À contre-courant des productivistes, les dernières décennies ont vu réapparaître plusieurs fermes guidées par une approche plus pérenne des ressources et un désir d’indépendance face aux corporations agroalimentaires. Cultures biologiques, aliments locaux et spécialisés, pratiques agronomiques respectueuses de l’environnement, ces agriculteurs se situent dans une perspective de développement durable. Leur conception de l’agriculture est ancrée dans le territoire qu’ils occupent : produire des aliments sains pour leurs concitoyens, dans le respect de l’écosystème qui les fait vivre. Parallèlement à ces pratiques que l’on identifie comme post-productivistes, l’agriculture productiviste doit également jongler avec une nouvelle vision qui inscrit la ruralité comme espace de consommation plutôt que de production.
Les urbains, qui durant bien des décennies se sont peu souciés de la campagne québécoise, y voient maintenant un terrain de jeu et recherchent aménités, activités de plein air et patrimoine.
À l’instar de l’industrie agroalimentaire, l’industrie touristique utilise aussi l’idylle rurale, mais cette fois-ci afin de vendre parcours agrotouristiques, séjours en gîtes du passant et randonnées de vélo. Des activités bien peu compatibles avec des machines surdimensionnées répandant odeurs et poussières…
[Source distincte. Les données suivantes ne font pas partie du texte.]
lemma norm_poly_le_coeff_bound:
  fixes q :: "'a :: real_normed_field poly"
  assumes "degree q \<le> n" "\<forall>i. norm (coeff q i) \<le> d"
  shows "norm (poly q z) \<le> d * (\<Sum>i\<le>n. norm z ^ i)"
proof -
  have "0 \<le> d"
    using assms(2) norm_ge_zero order_trans by blast
  have "norm (poly q z) \<le> (\<Sum>i\<le>degree q. norm (coeff q i * z ^ i))"
    unfolding poly_altdef by (rule norm_sum)
  also have "\<dots> \<le> (\<Sum>i\<le>degree q. d * norm z ^ i)"
    using assms(2) by (intro sum_mono) (simp add: norm_mult norm_power mult_right_mono)
  also have "\<dots> \<le> (\<Sum>i\<le>n. d * norm z ^ i)"
    using assms(1) \<open>0 \<le> d\<close> by (intro sum_mono2) auto
  finally show ?thesis
    by (simp add: sum_distrib_left)
qed

lemma bounded_coeffs:
  fixes p :: "'a :: real_normed_vector poly"
  obtains F where "0 \<le> F" "\<forall>i. norm (coeff p i) \<le> F"
proof
  show "0 \<le> (\<Sum>j\<le>degree p. norm (coeff p j))"
    by (simp add: sum_nonneg)
  show "\<forall>i. norm (coeff p i) \<le> (\<Sum>j\<le>degree p. norm (coeff p j))"
    by (metis atMost_iff coeff_eq_0 finite_atMost member_le_sum norm_ge_zero norm_zero
        not_le order_less_imp_le sum_nonneg)
qed

lemma coeff_bound_of_linear_factor:
  fixes h :: "'a :: real_normed_field poly"
  assumes h: "\<forall>j\<ge>n. coeff h j = 0"
    and e: "\<forall>i. norm (coeff ([:-s, 1:] * h) i) \<le> e"
    and S: "norm s \<le> S" "1 \<le> S"
  shows "norm (coeff h j) \<le> e * real n * S ^ n"
proof -
  have "0 \<le> e"
    using e norm_ge_zero order_trans by blast
  \<comment> \<open>Read coeff h j = coeff ([:-s, 1:] * h) (j + 1) + s * coeff h (j + 1) downwards from j = n.\<close>
  have down: "norm (coeff h (n - d)) \<le> e * real d * S ^ d" if "d \<le> n" for d
    using that
  proof (induction d)
    case (Suc d)
    define j where "j = n - Suc d"
    have j: "Suc j = n - d"
      using Suc.prems unfolding j_def by simp
    have "norm (coeff h j) \<le> norm (coeff ([:-s, 1:] * h) (Suc j)) + norm s * norm (coeff h (Suc j))"
      using norm_triangle_ineq[of "coeff ([:-s, 1:] * h) (Suc j)" "s * coeff h (Suc j)"]
      by (simp add: norm_mult)
    also have "\<dots> \<le> e + S * (e * real d * S ^ d)"
      using Suc e S j by (intro add_mono mult_mono) auto
    also have "\<dots> \<le> e * real (Suc d) * S ^ Suc d"
      using \<open>0 \<le> e\<close> S(2) mult_left_mono[OF one_le_power[OF S(2), of "Suc d"] \<open>0 \<le> e\<close>]
      by (simp add: algebra_simps)
    finally show ?case
      unfolding j_def .
  qed (use h in simp)
  show ?thesis
  proof (cases "j \<le> n")
    case True
    have "norm (coeff h j) \<le> e * real (n - j) * S ^ (n - j)"
      using down[of "n - j"] True by simp
    also have "\<dots> \<le> e * real n * S ^ n"
      using \<open>0 \<le> e\<close> S(2) by (intro mult_mono power_increasing) auto
    finally show ?thesis .
  qed (use h \<open>0 \<le> e\<close> S(2) in simp)
qed

lemma monic_poly_root_near:
  fixes g :: "complex poly"
  assumes g: "lead_coeff g = 1" "degree g = Suc n"
    and t: "0 \<le> t" "cmod (poly g z) \<le> t ^ Suc n"
  obtains \<sigma> g1 where "g = [:-\<sigma>, 1:] * g1" "lead_coeff g1 = 1" "degree g1 = n" "cmod (z - \<sigma>) \<le> t"
proof -
  obtain rs where rs: "g = roots_poly rs" "length rs = Suc n"
    using monic_poly_eq_roots_poly[OF g(1)] g(2) by force
  have "\<exists>\<sigma>\<in>set rs. cmod (z - \<sigma>) \<le> t"
  proof (rule ccontr)
    assume "\<not> ?thesis"
    then have "t ^ length rs < (\<Prod>r\<leftarrow>rs. cmod (z - r))"
      using t rs by (intro power_less_prod_list) auto
    also have "\<dots> = cmod (\<Prod>r\<leftarrow>rs. z - r)"
      by (induction rs) (simp_all add: norm_mult)
    also have "\<dots> = cmod (poly g z)"
      by (simp add: rs(1) poly_roots_poly)
    finally show False
      using t rs by simp
  qed
  then obtain \<sigma> where "\<sigma> \<in> set rs" "cmod (z - \<sigma>) \<le> t" ..
  moreover have g_eq: "g = [:-\<sigma>, 1:] * roots_poly (remove1 \<sigma> rs)"
    using rs(1) \<open>\<sigma> \<in> set rs\<close> by (simp only: roots_poly_remove1)
  moreover have "length (remove1 \<sigma> rs) = n"
    using \<open>\<sigma> \<in> set rs\<close> rs(2) by (simp add: length_remove1)
  ultimately show ?thesis
    using that[OF g_eq lead_coeff_roots_poly] by simp
qed

definition roots_close :: "complex poly \<Rightarrow> complex poly \<Rightarrow> real \<Rightarrow> bool" where
  "roots_close p q \<eta> \<longleftrightarrow> (\<exists>rs rs'. length rs = degree p \<and> length rs' = degree p \<and>
     p = roots_poly rs \<and> q = roots_poly rs' \<and> (\<forall>i<degree p. cmod (rs ! i - rs' ! i) \<le> \<eta>))"

lemma roots_close_linear_factor:
  assumes "roots_close f g \<eta>" "cmod (\<rho> - \<sigma>) \<le> \<eta>"
  shows "roots_close ([:-\<rho>, 1:] * f) ([:-\<sigma>, 1:] * g) \<eta>"
proof -
  obtain rs rs' where rs: "f = roots_poly rs" "g = roots_poly rs'" "length rs' = length rs"
    "\<forall>i<length rs. cmod (rs ! i - rs' ! i) \<le> \<eta>"
    using assms(1) unfolding roots_close_def by auto
  have "\<forall>i<Suc (length rs). cmod ((\<rho> # rs) ! i - (\<sigma> # rs') ! i) \<le> \<eta>"
    using rs(4) assms(2) by (auto simp: less_Suc_eq_0_disj)
  then show ?thesis
    unfolding roots_close_def rs(1,2) roots_poly_Cons[symmetric] using rs(3)
    by (intro exI[of _ "\<rho> # rs"] exI[of _ "\<sigma> # rs'"]) simp
qed

definition roots_stable :: "complex poly \<Rightarrow> real \<Rightarrow> nat \<Rightarrow> bool" where
  "roots_stable p c E \<longleftrightarrow> (\<forall>g \<eta>. lead_coeff g = 1 \<longrightarrow> degree g = degree p \<longrightarrow> 0 < \<eta> \<longrightarrow> \<eta> \<le> 1 \<longrightarrow>
     (\<forall>j<degree p. cmod (coeff g j - coeff p j) \<le> c * \<eta> ^ E) \<longrightarrow> roots_close p g \<eta>)"

lemma roots_stable_1: "roots_stable 1 c E"
  unfolding roots_stable_def roots_close_def
  by (auto intro!: exI[of _ "[]"] elim!: degree_eq_zeroE simp: one_pCons)

lemma coeff_diff_le_of_monic:
  fixes f g :: "'a :: real_normed_algebra_1 poly"
  assumes "lead_coeff f = 1" "lead_coeff g = 1" "degree g = degree f"
    and "\<forall>j<degree f. norm (coeff g j - coeff f j) \<le> \<delta>" "0 \<le> \<delta>"
  shows "norm (coeff (g - f) i) \<le> \<delta>"
proof -
  consider "i < degree f" | "i = degree f" | "i > degree f"
    by linarith
  then show ?thesis
    using assms by cases (auto simp: coeff_eq_0)
qed

lemma deflation_coeff_bound:
  fixes f g1 :: "complex poly"
  assumes f: "lead_coeff f = 1" "degree f = n" and g1: "lead_coeff g1 = 1" "degree g1 = n"
    and close: "\<forall>i. cmod (coeff ([:-\<sigma>, 1:] * g1 - [:-\<rho>, 1:] * f) i) \<le> \<delta>"
    and F: "\<forall>i. cmod (coeff f i) \<le> F"
    and t: "0 \<le> t" "cmod (\<rho> - \<sigma>) \<le> t"
    and S: "cmod \<sigma> \<le> S" "1 \<le> S"
  shows "cmod (coeff (g1 - f) j) \<le> (\<delta> + t * F) * real n * S ^ n"
proof (rule coeff_bound_of_linear_factor[OF _ _ S])
  show "\<forall>j\<ge>n. coeff (g1 - f) j = 0"
    using f g1 by (auto simp: coeff_eq_0 le_less)
  have "[:-\<sigma>, 1:] * f = [:-\<rho>, 1:] * f + smult (\<rho> - \<sigma>) f"
    by (simp add: smult_diff_left algebra_simps)
  then have deflate: "[:-\<sigma>, 1:] * (g1 - f) = ([:-\<sigma>, 1:] * g1 - [:-\<rho>, 1:] * f) - smult (\<rho> - \<sigma>) f"
    unfolding right_diff_distrib by (simp only: diff_diff_eq)
  show "\<forall>i. cmod (coeff ([:-\<sigma>, 1:] * (g1 - f)) i) \<le> \<delta> + t * F"
  proof
    fix i
    have "cmod (coeff ([:-\<sigma>, 1:] * (g1 - f)) i)
        \<le> cmod (coeff ([:-\<sigma>, 1:] * g1 - [:-\<rho>, 1:] * f) i) + cmod (\<rho> - \<sigma>) * cmod (coeff f i)"
      unfolding deflate coeff_diff coeff_smult by (metis norm_mult norm_triangle_ineq4)
    also have "\<dots> \<le> \<delta> + t * F"
      using close F t by (intro add_mono mult_mono) auto
    finally show "cmod (coeff ([:-\<sigma>, 1:] * (g1 - f)) i) \<le> \<delta> + t * F" .
  qed
qed

lemma roots_close_deflation:
  fixes f g :: "complex poly"
  assumes stable: "roots_stable f c0 E0"
    and f: "lead_coeff f = 1" "degree f = n"
    and g: "lead_coeff g = 1" "degree g = Suc n"
    and \<eta>: "t \<le> \<eta>" "\<eta> \<le> 1" "0 < \<eta>"
    and close: "\<forall>i. cmod (coeff (g - [:-\<rho>, 1:] * f) i) \<le> \<delta>"
    and F: "\<forall>i. cmod (coeff f i) \<le> F"
    and t: "0 \<le> t" "\<delta> * (\<Sum>i\<le>Suc n. cmod \<rho> ^ i) \<le> t ^ Suc n"
    and small: "(\<delta> + t * F) * real n * (cmod \<rho> + 1) ^ n \<le> c0 * \<eta> ^ E0"
  shows "roots_close ([:-\<rho>, 1:] * f) g \<eta>"
proof -
  have "f \<noteq> 0"
    using f(1) by auto
  have "degree (g - [:-\<rho>, 1:] * f) \<le> Suc n"
    using g(2) f(2) \<open>f \<noteq> 0\<close> by (intro degree_diff_le) (simp_all add: degree_mult_eq del: mult_pCons_left)
  then have "cmod (poly (g - [:-\<rho>, 1:] * f) \<rho>) \<le> \<delta> * (\<Sum>i\<le>Suc n. cmod \<rho> ^ i)"
    using close by (rule norm_poly_le_coeff_bound)
  then have "cmod (poly g \<rho>) \<le> t ^ Suc n"
    using t(2) by simp
  then obtain \<sigma> g1 where \<sigma>: "g = [:-\<sigma>, 1:] * g1" "lead_coeff g1 = 1" "degree g1 = n"
    "cmod (\<rho> - \<sigma>) \<le> t"
    using monic_poly_root_near[OF g t(1)] by metis
  moreover have "cmod \<sigma> \<le> cmod \<rho> + 1"
    using norm_triangle_ineq3[of \<rho> \<sigma>] \<sigma>(4) \<eta> by (simp add: norm_minus_commute)
  ultimately have "cmod (coeff (g1 - f) j) \<le> c0 * \<eta> ^ E0" for j
    using deflation_coeff_bound[OF f \<sigma>(2,3), of \<sigma> \<rho> \<delta> F t "cmod \<rho> + 1" j] close F t(1) small
    by simp
  then have "roots_close f g1 \<eta>"
    using stable \<sigma>(2,3) f(2) \<eta> unfolding roots_stable_def by simp
  then show ?thesis
    unfolding \<sigma>(1) using \<sigma>(4) \<eta>(1) by (intro roots_close_linear_factor) auto
qed
(* Let $Q$ be a process on $A^{\mathbb{Z}}$ and $\Theta\subseteq\mathcal{P}_{\mathrm{erg}}(A^{\mathbb{Z}})$ such that $h(P,Q)$ exists for all $P\in\Theta$. The following are equivalent: 1. $\bar\beta_\varepsilon(P,Q)\le -h(P,Q)$ for all $P\in\Theta$ and all $\varepsilon\in(0,1)$. 2. For every $\Omega\subseteq\Theta$ and every $\eta>0$ there are subsets $M_n\subseteq A^n$ with $\lim_{n}P^{(n)}(M_n)=1$ for all $P\in\Omega$ and with $\limsup_n\frac1n\log Q^{(n)}(M_n)\le -h(\Omega,Q)+\eta$ if $h(\Omega,Q)<\infty$, resp. $\limsup_n\frac1n\log Q^{(n)}(M_n)\le -1/\eta$ if $h(\Omega,Q)=\infty$; and moreover every sequence $\tilde M_n\subseteq A^n$ with $\lim_n P^{(n)}(\tilde M_n)=1$ for all $P\in\Omega$ satisfies $\liminf_n\frac1n\log Q^{(n)}(\tilde M_n)\ge -h(\Omega,Q)$.
   Context: $A$ is a finite set; a process is a probability measure on $A^{\mathbb{Z}}$ with the product $\sigma$-field generated by cylinders. $P^{(n)}$ denotes the marginal of $P$ on coordinates $\{0,\dots,n-1\}$, a probability on $A^n$. $\mathcal{P}_{\mathrm{erg}}(A^{\mathbb{Z}})$ is the set of shift-ergodic processes. $H(\cdot,\cdot)$ is the relative entropy (Kullback–Leibler divergence) of probability measures on a finite set; $h(P,Q):=\lim_n\frac1nH(P^{(n)},Q^{(n)})$ when the limit exists in $[0,+\infty]$, and $h(\Omega,Q):=\inf_{P\in\Omega}h(P,Q)$. For $\varepsilon\in(0,1)$, $\beta_{\varepsilon,n}(P,Q):=\min\{\log Q^{(n)}(M):M\subseteq A^n,\ P^{(n)}(M)\ge1-\varepsilon\}$ and $\bar\beta_\varepsilon(P,Q):=\limsup_n\frac1n\beta_{\varepsilon,n}(P,Q)$. *)

theory Defs
  imports "HOL-Probability.Probability"
begin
Ces enjeux complexes sont regroupés sous le paradigme du régime agricole multifonctionnel, qui donne l’occasion de chapeauter toute l’hétérogénéité de la ruralité québécoise contemporaine. Il est toutefois fascinant de voir que cette hétérogénéité ne se traduit toujours pas dans les représentations du monde rural, dominées par une image bucolique créée par les urbains et pour les urbains. À ce titre, je propose bien humblement qu’une pratique artistique documentaire critique permette d’aller au-delà des images d’Épinal, pour mettre en lumière toute cette complexité et ces luttes de pouvoir au sein de la ruralité québécoise. Il ne s’agit pas ici de pointer du doigt, mais de soulever intérêt et questionnements chez le spectateur, afin qu’il puisse mieux cerner les enjeux du monde rural auquel il est inévitablement lié.